### What is being asked
From the line that contains "g v \<approx>" to the final line of the entries, return every line exactly and leave out all others.

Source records
theorem lemma4p3:
  fixes mu :: "'b \<Rightarrow> 'b \<Rightarrow> ('b \<Rightarrow>\<^sub>0 'k::field)"
    and u :: "'b \<Rightarrow>\<^sub>0 'k"
    and D :: "'b \<Rightarrow> ('b \<times> 'b \<Rightarrow>\<^sub>0 'k)"
    and eps :: "'b \<Rightarrow> 'k"
    and S :: "'b \<Rightarrow> ('b \<Rightarrow>\<^sub>0 'k)"
    and B :: "('b \<Rightarrow>\<^sub>0 'k) \<Rightarrow> ('b \<Rightarrow>\<^sub>0 'k) \<Rightarrow> ('b \<Rightarrow>\<^sub>0 'k) set"
    and v :: "'b \<Rightarrow>\<^sub>0 'k"
  assumes "hopf_algebra mu u D eps S"
    and "pointed D"
    and "\<forall>g\<in>grouplikes D. \<forall>h\<in>grouplikes D. quot_basis D g h (B g h)"
    and "v \<in> grouplikes D"
  shows "Sigma (grouplikes D) (\<lambda>g. B g v) \<approx> Sigma (grouplikes D) (\<lambda>h. B v h)"
proof -
  interpret hopf mu u D eps S
    by (rule hopf.intro) (fact assms(1))
  show ?thesis
  proof (rule Sigma_eqpoll_cong[OF bij_betw_grouplike_reflection[OF assms(4)]])
    fix g assume g: "g \<in> grouplikes D"
    let ?g' = "mul (mul v (antipode g)) v"
    have "?g' \<in> grouplikes D"
      using g assms(4) by (intro grouplike_mul grouplike_antipode)
    then show "B g v \<approx> B v ?g'"
      using assms(3,4) g by (intro arrows_in_eqpoll_arrows_out[OF assms(4) g]) auto
  qed
qed

end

### Expected output
    then show "B g v \<approx> B v ?g'"
      using assms(3,4) g by (intro arrows_in_eqpoll_arrows_out[OF assms(4) g]) auto
  qed
qed

end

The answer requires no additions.